In 1517, the religious reformer Martin Luther
wrote Ninety Five Theses criticising many of the
practices and rituals of the Roman Catholic
Church.
A printed copy of this was posted on a church
door in Wittenberg. It challenged the Church to
debate his ideas. Luther’s writings were
immediately reproduced in vast numbers and
read widely.
This lead to a division within the Church and to
the beginning of the Protestant Reformation.
Luther’s translation of the New Testament sold
5,000 copies within a few weeks and a second
edition appeared within three months.
Deeply grateful to print, Luther said, ‘Printing is
the ultimate gift of God and the greatest one. ’
Martin Luther was one of the main Protestant
reformers
. Several traditions of anti-Catholic Christianity
developed out of the movement
2. Why did Woodblock print only came to
Europe after 1295. [CBSE 2013]
For centuries, silk and spices from China flowed
into Europe through the silk route. In the
eleventh century, Chinese paper reached Europe
via the same route.
in 1295, Marco Polo, an explorer, returned to Italy
after many years of exploration in China. Marco
Polo brought his knowledge of wood block
printing back with him.
Now Italians began producing books with
woodblocks, and soon the technology spread to
other parts of Europe.
* Luxury editions were still handwritten on very
expensive vellum, meant for aristocratic circles
and rich monastic libraries which scoffed at
printed books as cheap vulgarities. Merchants
and students in the university towns bought the
cheaper printed copies.
3. The Roman Catholic Church began
keeping an Index of Prohibited Books from
the mid-sixteenth century due to the
following reasons :
Print and popular religious literature stimulated
many distinctive individual interpretations of faith
even among little-educated working people.
In the sixteenth century, Menocchio, a miller in
Italy, began to read books that were available in
his locality.
He reinterpreted the message of the Bible and
formulated a view of God and Creation that
enraged the Roman Catholic Church.
When the Roman Church began its inquisition to
repress heretical ideas, Menocchio was hauled up
twice and ultimately executed.
The Roman Church, troubled by such effects of
popular readings and questionings of faith,
imposed severe controls over publishers and
booksellers and began to maintain an Index of
Prohibited Books from 1558.
4. Gandhi said the fight for Swaraj is a fight
for the liberty of speech,
After the revolt of 1857, the attitude to freedom of the
press changed.

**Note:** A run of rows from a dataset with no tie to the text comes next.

(* Suppose $\mathcal U$ is quasiconvex and strongly stable with parameters $a,b,q$, and let $L=b\bigl(1+\max_{i,j\in\mathbb K}\|F^{(i)}-F^{(j)}\|^{q-1}\bigr)$. Then for every admissible policy $\pi$ and every $T\ge1$, $$\tilde{\mathcal R}(\pi,T)\le\frac{L}{T}\sum_{i\ne i^*}\mathbb E[\tau_i(T)]\,\|F^{(i^* )}-F^{(i)}\|.$$
   Context: Bandit setting: $K\ge1$, $\mathbb K=\{1,\dots,K\}$; arm $i$ produces i.i.d. rewards $X^{(i)}_1,X^{(i)}_2,\dots$ with distribution function $F^{(i)}$, all rewards mutually independent. An admissible policy $\pi=(\pi_1,\pi_2,\dots)$ chooses $\pi_t\in\mathbb K$ as a measurable function of an independent randomization variable $V$ and past actions/rewards; $\tau_i(t)=\sum_{s\le t}\mathbf 1\{\pi_s=i\}$, and the reward at time $t$ is $X^\pi_t=X^{(i)}_{\tau_i(t)}$ on $\{\pi_t=i\}$. Empirical distribution functions: $\hat F_t(x_1,\dots,x_t;y)=\frac1t\sum_{s\le t}\mathbf 1\{x_s\le y\}$, $\hat F^{(i)}_t=\hat F_t(X^{(i)}_1,\dots,X^{(i)}_t;\cdot)$; $\hat{\mathcal D}$ is the set of all empirical distribution functions of finite real sequences. $\Delta_{K-1}$ is the probability simplex in $\mathbb R^K$, $F_p=\sum_ip_iF^{(i)}$, $\mathcal D^\Delta=\{F_p:p\in\Delta_{K-1}\}$. $(L,\|\cdot\|)$ is a Banach space of bounded functions on $\mathbb R$ containing $\mathcal D^\Delta\cup\hat{\mathcal D}$, and $\mathcal U:L\to\mathbb R$. $\mathcal U$ is quasiconvex if $\mathcal U(\lambda F+(1-\lambda)G)\le\max\{\mathcal U(F),\mathcal U(G)\}$. $\mathcal U$ is strongly stable if (1) there exist $b>0,q\ge1$ with $|\mathcal U(F)-\mathcal U(G)|\le b(\|F-G\|+\|F-G\|^q)$ for all $F\in\mathcal D^\Delta$, $G\in\mathcal D^\Delta\cup\hat{\mathcal D}$, and (2) there is $a>0$ with $\mathbb P(\|\hat F^{(i)}_t-F^{(i)}\|\ge x)\le2\exp(-atx^2)$ for all $i\in\mathbb K$, $x>0$, $t\ge1$. Let $p^*\in\arg\max_{p\in\Delta_{K-1}}\mathcal U(F_p)$, $\Delta_i=\mathcal U(F_{p^*})-\mathcal U(F^{(i)})$ and $i^*\in\arg\min_{i}\Delta_i$. The proxy distribution is $\tilde F^\pi_T=\frac1T\sum_{i=1}^K\tau_i(T)F^{(i)}$ and the proxy regret is $\tilde{\mathcal R}(\pi,T)=\mathbb E[\mathcal U(F_{p^*})-\mathcal U(\tilde F^\pi_T)]$. *)

theory Defs
  imports "HOL-Probability.Probability"
begin

text \<open>Arms are indexed by {1..K}; rewards of arm i are X i 1, X i 2, ...\<close>

definition prob_simplex :: "nat \<Rightarrow> (nat \<Rightarrow> real) set" where
  "prob_simplex K = {p. (\<forall>i\<in>{1..K}. 0 \<le> p i) \<and> (\<Sum>i\<in>{1..K}. p i) = 1}"

definition mix :: "nat \<Rightarrow> (nat \<Rightarrow> real \<Rightarrow> real) \<Rightarrow> (nat \<Rightarrow> real) \<Rightarrow> real \<Rightarrow> real" where
  "mix K F p = (\<lambda>y. \<Sum>i\<in>{1..K}. p i * F i y)"

definition Dsimplex :: "nat \<Rightarrow> (nat \<Rightarrow> real \<Rightarrow> real) \<Rightarrow> (real \<Rightarrow> real) set" where
  "Dsimplex K F = {mix K F p | p. p \<in> prob_simplex K}"

definition emp_df :: "real list \<Rightarrow> real \<Rightarrow> real" where
  "emp_df xs = (\<lambda>y. real (length (filter (\<lambda>x. x \<le> y) xs)) / real (length xs))"

definition Dhat :: "(real \<Rightarrow> real) set" where
  "Dhat = {emp_df xs | xs. xs \<noteq> []}"

definition banach_fun_space :: "(real \<Rightarrow> real) set \<Rightarrow> ((real \<Rightarrow> real) \<Rightarrow> real) \<Rightarrow> bool" where
  "banach_fun_space Lset nrm \<longleftrightarrow>
     (\<forall>f\<in>Lset. bounded (range f)) \<and>
     (\<lambda>y. 0) \<in> Lset \<and>
     (\<forall>f\<in>Lset. \<forall>g\<in>Lset. (\<lambda>y. f y + g y) \<in> Lset) \<and>
     (\<forall>f\<in>Lset. \<forall>c::real. (\<lambda>y. c * f y) \<in> Lset) \<and>
     (\<forall>f\<in>Lset. 0 \<le> nrm f \<and> (nrm f = 0 \<longleftrightarrow> f = (\<lambda>y. 0))) \<and>
     (\<forall>f\<in>Lset. \<forall>c::real. nrm (\<lambda>y. c * f y) = \<bar>c\<bar> * nrm f) \<and>
     (\<forall>f\<in>Lset. \<forall>g\<in>Lset. nrm (\<lambda>y. f y + g y) \<le> nrm f + nrm g) \<and>
     (\<forall>g :: nat \<Rightarrow> real \<Rightarrow> real. (\<forall>n. g n \<in> Lset) \<and>
        (\<forall>e>0. \<exists>N. \<forall>m\<ge>N. \<forall>n\<ge>N. nrm (\<lambda>y. g m y - g n y) < e) \<longrightarrow>
        (\<exists>h\<in>Lset. (\<lambda>n. nrm (\<lambda>y. g n y - h y)) \<longlonglongrightarrow> 0))"

definition quasiconvex_on :: "(real \<Rightarrow> real) set \<Rightarrow> ((real \<Rightarrow> real) \<Rightarrow> real) \<Rightarrow> bool" where
  "quasiconvex_on Lset U \<longleftrightarrow>
     (\<forall>F\<in>Lset. \<forall>G\<in>Lset. \<forall>l\<in>{0..1::real}.
        U (\<lambda>y. l * F y + (1 - l) * G y) \<le> max (U F) (U G))"

text \<open>Real power with the convention x^0 = 1 (also for x = 0), unlike powr.\<close>
definition rpow :: "real \<Rightarrow> real \<Rightarrow> real" where
  "rpow x r = (if r = 0 then 1 else x powr r)"

text \<open>History of a policy: hist phi X V t w is the function s \<mapsto> (pi_s, reward at s)
  on {1..t} (undefined elsewhere). phi t (v, h) chooses the arm at time t from the
  randomization value v and the history h on {1..<t}.\<close>
fun hist :: "(nat \<Rightarrow> 'v \<times> (nat \<Rightarrow> nat \<times> real) \<Rightarrow> nat) \<Rightarrow> (nat \<Rightarrow> nat \<Rightarrow> 'w \<Rightarrow> real)
     \<Rightarrow> ('w \<Rightarrow> 'v) \<Rightarrow> nat \<Rightarrow> 'w \<Rightarrow> nat \<Rightarrow> nat \<times> real" where
  "hist phi X V 0 w = (\<lambda>_. undefined)"
| "hist phi X V (Suc t) w =
     (let h = hist phi X V t w; a = phi (Suc t) (V w, h)
      in h(Suc t := (a, X a (Suc (card {s\<in>{1..t}. fst (h s) = a})) w)))"

definition act :: "(nat \<Rightarrow> 'v \<times> (nat \<Rightarrow> nat \<times> real) \<Rightarrow> nat) \<Rightarrow> (nat \<Rightarrow> nat \<Rightarrow> 'w \<Rightarrow> real)
     \<Rightarrow> ('w \<Rightarrow> 'v) \<Rightarrow> nat \<Rightarrow> 'w \<Rightarrow> nat" where
  "act phi X V t w = fst (hist phi X V t w t)"

definition tau :: "(nat \<Rightarrow> 'v \<times> (nat \<Rightarrow> nat \<times> real) \<Rightarrow> nat) \<Rightarrow> (nat \<Rightarrow> nat \<Rightarrow> 'w \<Rightarrow> real)
     \<Rightarrow> ('w \<Rightarrow> 'v) \<Rightarrow> nat \<Rightarrow> nat \<Rightarrow> 'w \<Rightarrow> nat" where
  "tau phi X V i t w = card {s\<in>{1..t}. act phi X V s w = i}"

definition admissible :: "nat \<Rightarrow> 'v measure \<Rightarrow> (nat \<Rightarrow> 'v \<times> (nat \<Rightarrow> nat \<times> real) \<Rightarrow> nat) \<Rightarrow> bool" where
  "admissible K MV phi \<longleftrightarrow>
     (\<forall>t\<ge>1. phi t \<in> measurable (MV \<Otimes>\<^sub>M PiM {1..<t} (\<lambda>_. count_space UNIV \<Otimes>\<^sub>M borel))
                                 (count_space {1..K}))"

end

theory Submission
  imports Defs
begin

(*
  Quasiconvexity makes every mixture of the arms' distributions at most as good as the best
  single arm, so the optimal mixture F_pstar has the same utility as F_istar. The proxy
  distribution is itself a mixture F_p with p = tau(T)/T, and stability bounds
  U(F_istar) - U(F_p) by b (N + N^q) with N = ||F_istar - F_p||. The triangle inequality gives
  N <= sum_i p_i ||F_istar - F_i||, and since N is also at most the largest distance between
  arms, N^q <= N max_ij ||F_i - F_j||^(q-1). The resulting bound is linear in p, so taking
  expectations yields the claim.
*)

lemma banach_fun_spaceD:
  assumes "banach_fun_space Lset nrm"
  shows "(\<lambda>y. 0) \<in> Lset" and "nrm (\<lambda>y. 0) = 0"
    and "f \<in> Lset \<Longrightarrow> g \<in> Lset \<Longrightarrow> (\<lambda>y. f y + g y) \<in> Lset"
    and "f \<in> Lset \<Longrightarrow> (\<lambda>y. c * f y) \<in> Lset"
    and "f \<in> Lset \<Longrightarrow> 0 \<le> nrm f"
    and "f \<in> Lset \<Longrightarrow> nrm (\<lambda>y. c * f y) = \<bar>c\<bar> * nrm f"
    and "f \<in> Lset \<Longrightarrow> g \<in> Lset \<Longrightarrow> nrm (\<lambda>y. f y + g y) \<le> nrm f + nrm g"
  using assms unfolding banach_fun_space_def by auto

lemma banach_fun_space_diff:
  assumes "banach_fun_space Lset nrm" "f \<in> Lset" "g \<in> Lset"
  shows "(\<lambda>y. f y - g y) \<in> Lset"
  using banach_fun_spaceD(3)[OF assms(1,2) banach_fun_spaceD(4)[OF assms(1,3), of "-1"]] by simp

lemma banach_fun_space_lincomb:
  assumes B: "banach_fun_space Lset nrm" and "finite S" "\<And>i. i \<in> S \<Longrightarrow> H i \<in> Lset"
  shows "(\<lambda>y. \<Sum>i\<in>S. c i * H i y) \<in> Lset"
  using assms(2,3)
  by (induction S rule: finite_induct) (auto intro!: banach_fun_spaceD(1,3,4)[OF B])

lemma banach_fun_space_norm_lincomb_le:
  assumes B: "banach_fun_space Lset nrm" and "finite S" "\<And>i. i \<in> S \<Longrightarrow> H i \<in> Lset"
  shows "nrm (\<lambda>y. \<Sum>i\<in>S. c i * H i y) \<le> (\<Sum>i\<in>S. \<bar>c i\<bar> * nrm (H i))"
  using assms(2,3)
proof (induction S rule: finite_induct)
  case empty
  then show ?case using banach_fun_spaceD(2)[OF B] by simp
next
  case (insert x S)
  have "nrm (\<lambda>y. c x * H x y + (\<Sum>i\<in>S. c i * H i y))
      \<le> nrm (\<lambda>y. c x * H x y) + nrm (\<lambda>y. \<Sum>i\<in>S. c i * H i y)"
    using insert.prems banach_fun_space_lincomb[OF B insert.hyps(1), of H c]
    by (intro banach_fun_spaceD(7)[OF B] banach_fun_spaceD(4)[OF B]) auto
  also have "\<dots> \<le> \<bar>c x\<bar> * nrm (H x) + (\<Sum>i\<in>S. \<bar>c i\<bar> * nrm (H i))"
    using insert banach_fun_spaceD(6)[OF B] by simp
  finally show ?case using insert.hyps by simp
qed
lemma inverse_invariant:
  fixes I P Q :: mat4
  assumes I: "I ** I = - mat 1" and P: "transpose I ** P ** I = P" and PQ: "P ** Q = mat 1"
  shows "I ** Q ** transpose I = Q"
proof -
  have "P ** (I ** Q ** transpose I) = - (transpose I ** (P ** Q) ** transpose I)"
    by (simp add: matrix_mul_assoc invariant_mult_complex_structure[OF I P] matrix_mul_uminus_left)
  also have "\<dots> = mat 1"
    by (simp add: PQ transpose_complex_structure[OF I])
  finally have "P ** (I ** Q ** transpose I) = P ** Q"
    by (simp add: PQ)
  then show ?thesis
    by (metis PQ matrix_left_right_inverse matrix_mul_assoc matrix_mul_lid)
qed

lemma kaehler_form_sandwich:
  fixes G I Q :: mat4
  assumes I: "I ** I = - mat 1" and G: "transpose I ** G ** I = G"
    and Q: "I ** Q ** transpose I = Q"
  shows "kaehler_form G I ** Q ** kaehler_form G I = - (G ** Q ** G)"
proof -
  have "(- (G ** I)) ** Q ** (transpose I ** G) = - (G ** (I ** Q ** transpose I) ** G)"
    by (simp add: matrix_mul_uminus_left matrix_mul_assoc)
  then have "(- (G ** I)) ** Q ** (transpose I ** G) = - (G ** Q ** G)"
    by (simp add: Q)
  moreover have "kaehler_form G I = - (G ** I)" "kaehler_form G I = transpose I ** G"
    by (simp_all add: kaehler_form_eq invariant_mult_complex_structure[OF I G])
  ultimately show ?thesis by metis
qed

lemma sandwich_in_calH2:
  fixes G I Q :: mat4
  assumes I: "I ** I = - mat 1" and G: "transpose G = G" "rat_mat G" "transpose I ** G ** I = G"
    and Q: "transpose Q = - Q" "rat_mat Q" "I ** Q ** transpose I = Q"
  shows "G ** Q ** G \<in> calH2 I"
proof -
  have "rat_mat (G ** Q ** G)"
    using G(2) Q(2) unfolding rat_mat_def matrix_matrix_mult_def by (auto intro!: Rats_sum Rats_mult)
  moreover have "transpose (G ** Q ** G) = - (G ** Q ** G)"
    by (simp add: matrix_transpose_mul G(1) Q(1) matrix_mul_uminus_left matrix_mul_uminus_right
        matrix_mul_assoc)
  moreover have "transpose I ** (G ** Q ** G) ** I = G ** Q ** G"
  proof -
    have "transpose I ** (G ** Q ** G) ** I = (transpose I ** G) ** Q ** (G ** I)"
      by (simp add: matrix_mul_assoc)
    also have "\<dots> = G ** (I ** Q ** transpose I) ** G"
      using invariant_mult_complex_structure[OF I G(3)]
      by (simp add: matrix_mul_uminus_left matrix_mul_uminus_right matrix_mul_assoc)
    finally show ?thesis by (simp add: Q(3))
  qed
  ultimately show ?thesis by (simp add: calH2_iff)
qed

lemma kaehler_form_quadratic_relation:
  fixes G I P Q :: mat4
  assumes "hermitian_metric (transpose I ** P) I" and PQ: "P ** Q = mat 1"
    and G: "is_metric G" "transpose I ** G ** I = G" and QI: "I ** Q ** transpose I = Q"
  shows "\<exists>s p. s > 0 \<and> kaehler_form G I ** Q ** kaehler_form G I = - (s *\<^sub>R kaehler_form G I) - p *\<^sub>R P"
proof -
  interpret hermitian_metric "transpose I ** P" I by fact
  define \<omega> where "\<omega> = kaehler_form G I"
  define M where "M = - (Q ** \<omega>)"
  have "(transpose I ** P) ** M = - (transpose I ** (P ** Q) ** \<omega>)"
    by (simp add: M_def matrix_mul_uminus_right matrix_mul_assoc)
  also have "\<dots> = - (transpose I ** transpose I ** G)"
    by (simp add: PQ \<omega>_def kaehler_form_eq matrix_mul_assoc)
  finally have gM: "(transpose I ** P) ** M = G"
    by (simp add: transpose_complex_structure[OF J_square] matrix_mul_uminus_left)
  have "M ** I = - (Q ** (transpose I ** G ** I))" "I ** M = - ((I ** Q ** transpose I) ** G)"
    by (simp_all add: M_def \<omega>_def kaehler_form_eq matrix_mul_uminus_left matrix_mul_uminus_right
        matrix_mul_assoc)
  then have "M ** I = I ** M"
    by (simp add: G(2) QI)
  then obtain s p where s: "s > 0" and MM: "M ** M = s *\<^sub>R M - p *\<^sub>R mat 1"
    using hermitian_quadratic_relation gM G(1) by blast
  have PM: "\<omega> = - (P ** M)"
    by (simp add: M_def matrix_mul_uminus_right matrix_mul_assoc PQ)
  have "\<omega> ** Q ** \<omega> = P ** M ** (Q ** P) ** M"
    by (simp add: PM matrix_mul_uminus_left matrix_mul_uminus_right matrix_mul_assoc)
  also have "\<dots> = P ** (M ** M)"
    using PQ matrix_left_right_inverse[of P Q] by (simp add: matrix_mul_assoc)
  also have "\<dots> = - (s *\<^sub>R \<omega>) - p *\<^sub>R P"
    by (simp add: MM matrix_mul_diff_right matrix_scalar_ac scalar_matrix_assoc PM)
  finally show ?thesis
    using s unfolding \<omega>_def by blast
qed
(* Let $(a_n)_{n\geq 0}$ be a primary pseudo-polynomial and $f=\sum_{n\ge0}a_nx^n$ its generating series. Then for every positive integer $n$, the integer $\det H_n(f)$ is divisible by $$\prod_{\substack{p\le n-1\\ p \text{ prime}}} p^{\,n-p}.$$
   Context: A sequence of integers $(a_n)_{n\ge0}$ is a primary pseudo-polynomial if $a_{n+p}\equiv a_n \pmod p$ for every integer $n\ge 0$ and every prime $p$. For $n\ge1$, the $n$-th Hankel matrix of $f$ is $H_n(f)=(a_{i+j-2})_{1\le i,j\le n}$. *)

theory Defs
  imports "HOL-Computational_Algebra.Primes" "Jordan_Normal_Form.Determinant"
begin

definition primary_pseudo_polynomial :: "(nat \<Rightarrow> int) \<Rightarrow> bool" where
  "primary_pseudo_polynomial a \<longleftrightarrow>
     (\<forall>n p. prime p \<longrightarrow> a (n + p) mod int p = a n mod int p)"

text \<open>The n-th Hankel matrix H_n(f) = (a_{i+j-2})_{1<=i,j<=n}; with 0-based indices i,j<n
  the entry is a (i + j).\<close>
definition hankel :: "(nat \<Rightarrow> int) \<Rightarrow> nat \<Rightarrow> int mat" where
  "hankel a n = mat n n (\<lambda>(i, j). a (i + j))"

end

theory Submission
  imports Defs
begin

text \<open>Fix a prime \<open>p < n\<close>. Since \<open>a (k + p) \<equiv> a k (mod p)\<close>, subtracting row \<open>k - p\<close> of the
  Hankel matrix from row \<open>k\<close>, for every \<open>k \<ge> p\<close> (a unimodular row operation), leaves \<open>n - p\<close>
  rows divisible by \<open>p\<close>, so \<open>p ^ (n - p)\<close> divides the determinant. These prime powers are
  pairwise coprime, hence their product divides it as well.\<close>

lemma prod_dvd_if_pairwise_coprime:
  fixes f :: "'b \<Rightarrow> 'a::semiring_gcd"
  assumes "finite A"
    and "\<And>x y. x \<in> A \<Longrightarrow> y \<in> A \<Longrightarrow> x \<noteq> y \<Longrightarrow> coprime (f x) (f y)"
    and "\<And>x. x \<in> A \<Longrightarrow> f x dvd m"
  shows "prod f A dvd m"
  using assms
proof (induction A rule: finite_induct)
  case empty
  then show ?case by simp
next
  case (insert x A)
  have "coprime (f x) (prod f A)"
    by (rule prod_coprime_right) (use insert in blast)
  moreover have "prod f A dvd m"
    using insert by blast
  ultimately show ?case
    using insert by (simp add: divides_mult)
qed

definition shift_diff_mat :: "nat \<Rightarrow> nat \<Rightarrow> 'a::comm_ring_1 mat" where
  "shift_diff_mat n p =
     mat n n (\<lambda>(k, i). (if i = k then 1 else 0) - (if p \<le> k \<and> i = k - p then 1 else 0))"

lemma shift_diff_mat_carrier: "shift_diff_mat n p \<in> carrier_mat n n"
  by (simp add: shift_diff_mat_def)

lemma det_shift_diff_mat:
  assumes "0 < p"
  shows "det (shift_diff_mat n p :: 'a::comm_ring_1 mat) = 1"
proof -
  have "det (shift_diff_mat n p :: 'a mat) = prod_list (diag_mat (shift_diff_mat n p :: 'a mat))"
    by (rule det_lower_triangular[OF _ shift_diff_mat_carrier]) (auto simp: shift_diff_mat_def)
  also have "diag_mat (shift_diff_mat n p :: 'a mat) = replicate n 1"
    by (rule nth_equalityI) (use assms in \<open>auto simp: diag_mat_def shift_diff_mat_def\<close>)
  finally show ?thesis by simp
qed

lemma shift_diff_mat_mult_index:
  assumes "0 < p" and A: "A \<in> carrier_mat n nc" and "k < n" and "j < nc"
  shows "(shift_diff_mat n p * A) $$ (k, j) = A $$ (k, j) - (if p \<le> k then A $$ (k - p, j) else 0)"
proof -
  have "(shift_diff_mat n p * A) $$ (k, j) =
      (\<Sum>i<n. ((if i = k then 1 else 0) - (if p \<le> k \<and> i = k - p then 1 else 0)) * A $$ (i, j))"
    using assms by (simp add: shift_diff_mat_def scalar_prod_def lessThan_atLeast0)
  also have "\<dots> = (\<Sum>i<n. (if i = k then A $$ (i, j) else 0))
                 - (\<Sum>i<n. (if p \<le> k \<and> i = k - p then A $$ (i, j) else 0))"
    unfolding sum_subtractf[symmetric] by (rule sum.cong) (use \<open>0 < p\<close> in auto)
  also have "\<dots> = A $$ (k, j) - (if p \<le> k then A $$ (k - p, j) else 0)"
    using \<open>k < n\<close> by (auto simp: sum.delta)
  finally show ?thesis .
qed

lemma det_diagonal_scaling:
  "det (mat n n (\<lambda>(k, i). if i = k then (if p \<le> k then c else 1) else 0)) = (c::'a::comm_ring_1) ^ (n - p)"
proof -
  let ?D = "mat n n (\<lambda>(k, i). if i = k then (if p \<le> k then c else 1) else 0)"
  have "det ?D = prod_list (diag_mat ?D)"
    by (rule det_lower_triangular[of n]) auto
  also have "diag_mat ?D = replicate (min p n) 1 @ replicate (n - p) c"
    by (rule nth_equalityI) (auto simp: diag_mat_def nth_append)
  finally show ?thesis by simp
qed

lemma det_dvd_if_rows_congruent:
  fixes A :: "'a::comm_ring_1 mat"
  assumes A: "A \<in> carrier_mat n n" and "0 < p"
    and cong: "\<And>k j. p \<le> k \<Longrightarrow> k < n \<Longrightarrow> j < n \<Longrightarrow> c dvd A $$ (k, j) - A $$ (k - p, j)"
  shows "c ^ (n - p) dvd det A"
proof -
  define E :: "'a mat" where "E = shift_diff_mat n p"
  define D :: "'a mat" where "D = mat n n (\<lambda>(k, i). if i = k then (if p \<le> k then c else 1) else 0)"
  define M :: "'a mat" where
    "M = mat n n (\<lambda>(k, j). if p \<le> k then (SOME m. A $$ (k, j) - A $$ (k - p, j) = c * m)
                            else A $$ (k, j))"
  have E: "E \<in> carrier_mat n n" and D: "D \<in> carrier_mat n n" and M: "M \<in> carrier_mat n n"
    by (auto simp: E_def shift_diff_mat_carrier D_def M_def)
  have "E * A = D * M"
  proof (rule eq_matI)
    fix k j assume "k < dim_row (D * M)" "j < dim_col (D * M)"
    then have k: "k < n" and j: "j < n" using D M by auto
    have "(D * M) $$ (k, j) = (\<Sum>i<n. (if i = k then (if p \<le> k then c else 1) else 0) * M $$ (i, j))"
      using k j D M by (simp add: D_def scalar_prod_def lessThan_atLeast0)
    also have "\<dots> = (\<Sum>i<n. (if i = k then (if p \<le> k then c else 1) * M $$ (i, j) else 0))"
      by (rule sum.cong) auto
    also have "\<dots> = (if p \<le> k then c else 1) * M $$ (k, j)"
      using k by (simp add: sum.delta)
    also have "\<dots> = A $$ (k, j) - (if p \<le> k then A $$ (k - p, j) else 0)"
    proof (cases "p \<le> k")
      case True
      have "A $$ (k, j) - A $$ (k - p, j) = c * (SOME m. A $$ (k, j) - A $$ (k - p, j) = c * m)"
        using cong[OF True k j] unfolding dvd_def by (rule someI_ex)
      then show ?thesis
        using True k j by (simp add: M_def)
    qed (use k j in \<open>simp add: M_def\<close>)
    finally show "(E * A) $$ (k, j) = (D * M) $$ (k, j)"
      using shift_diff_mat_mult_index[OF \<open>0 < p\<close> A k j] by (simp add: E_def)
  qed (use A D M E in auto)
  moreover have "det E = 1"
    unfolding E_def by (rule det_shift_diff_mat[OF \<open>0 < p\<close>])
  ultimately have "det A = det D * det M"
    using det_mult[OF E A] det_mult[OF D M] by simp
  then show ?thesis
    by (simp add: D_def det_diagonal_scaling)
qed

lemma primary_pseudo_polynomial_dvd_diff:
  assumes "primary_pseudo_polynomial a" and "prime p" and "p \<le> k"
  shows "int p dvd a k - a (k - p)"
  using assms unfolding primary_pseudo_polynomial_def
  by (metis le_add_diff_inverse2 mod_eq_dvd_iff)

lemma prime_power_dvd_det_hankel:
  assumes "primary_pseudo_polynomial a" and "prime p"
  shows "int p ^ (n - p) dvd det (hankel a n)"
proof (rule det_dvd_if_rows_congruent)
  show "hankel a n \<in> carrier_mat n n"
    by (simp add: hankel_def)
  show "0 < p"
    using assms(2) prime_gt_0_nat by blast
  fix k j assume "p \<le> k" "k < n" "j < n"
  then show "int p dvd hankel a n $$ (k, j) - hankel a n $$ (k - p, j)"
    using primary_pseudo_polynomial_dvd_diff[OF assms, of "k + j"] by (simp add: hankel_def)
qed

theorem lemma2:
  fixes a :: "nat \<Rightarrow> int" and n :: nat
  assumes "primary_pseudo_polynomial a" and "n \<ge> 1"
  shows "(\<Prod>p\<in>{p. prime p \<and> p \<le> n - 1}. int p ^ (n - p)) dvd det (hankel a n)"
proof (rule prod_dvd_if_pairwise_coprime)
  show "finite {p. prime p \<and> p \<le> n - 1}"
    by simp
  show "coprime (int p ^ (n - p)) (int q ^ (n - q))"
    if "p \<in> {p. prime p \<and> p \<le> n - 1}" "q \<in> {p. prime p \<and> p \<le> n - 1}" "p \<noteq> q" for p q
    using that by (simp add: primes_coprime)
  show "int p ^ (n - p) dvd det (hankel a n)" if "p \<in> {p. prime p \<and> p \<le> n - 1}" for p
    using that prime_power_dvd_det_hankel[OF assms(1)] by blast
qed

end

Enraged Englishmen demanded a
clamp down on the ‘native’ press.
As vernacular newspapers became assertively
nationalist, the colonial government began debating
measures of stringent control.
In 1878, the Vernacular Press Act was passed, modelled
on the Irish Press Laws. It provided the government
with extensive rights to censor reports and editorials in
the vernacular press.
*From now on the government kept regular track of the
vernacular newspapers published in different provinces
When a report was judged as seditious, the newspaper
was warned, and if the warning was ignored, the press
was liable to be seized and the printing machinery
confiscated.
When Punjab revolutionaries were deported in 1907,
Balgangadhar Tilak wrote with great sympathy about
them in his Kesari. This led to his imprisonment in
1908, provoking in turn widespread protests all over
India.
During the First World War, under the Defence of India
Rules, 22 newspapers had to furnish securities. Of
these, 18 shut down rather than comply with
government orders.
*The Sedition Committee Report under Rowlatt in 1919
further strengthened controls that led to imposition of
penalties on various newspapers.
*At the outbreak of the Second World War, the Defence
of India Act was passed, allowing censoring of reports
of war-related topics. In August 1942, about 90
newspapers were suppressed.

Gandhi said in 1922: that ‘The Government of India is


now seeking to crush the three powerful vehicles
( ‘Liberty of speech,liberty of the press,freedom of
association’)of expressing and cultivating public
opinion. The fight for Swaraj, for Khilafat means a fight
for this threatened freedom before all else
5. The Erasmus’s idea of the printed
book.
Erasmus, a Latin scholar and a Catholic reformer,
who criticised the excesses of Catholicism but
kept his distance from Luther, expressed a deep
anxiety about printing
. He wrote in Adages (1508) as follows :
To what corner of the world do they not fly, these
swarms of new books?
It may be that one here and there contributes
something worth knowing,
but the very multitude of them is hurtful to
scholarship,
because it creates a glut, and even in good
things satiety is most harmful ... [printers] fill the
world with books, not just trifling things
but stupid, ignorant, slanderous, scandalous,
raving, irreligious and seditious books,
and the number of them is such that even the
valuable publications lose their value.’
6. The Vernacular Press Act. [CBSE Sept.
2011, 2012]
After the revolt of 1857, the attitude to freedom of the
press changed.Enraged Englishmen demanded a clamp
down on the ‘native’ press.
As vernacular newspapers became assertively
nationalist, the colonial government began debating
measures of stringent control.
In 1878, the Vernacular Press Act was passed, modelled
on the Irish Press Laws.
It provided the government with extensive rights to
censor reports and editorials in the vernacular press.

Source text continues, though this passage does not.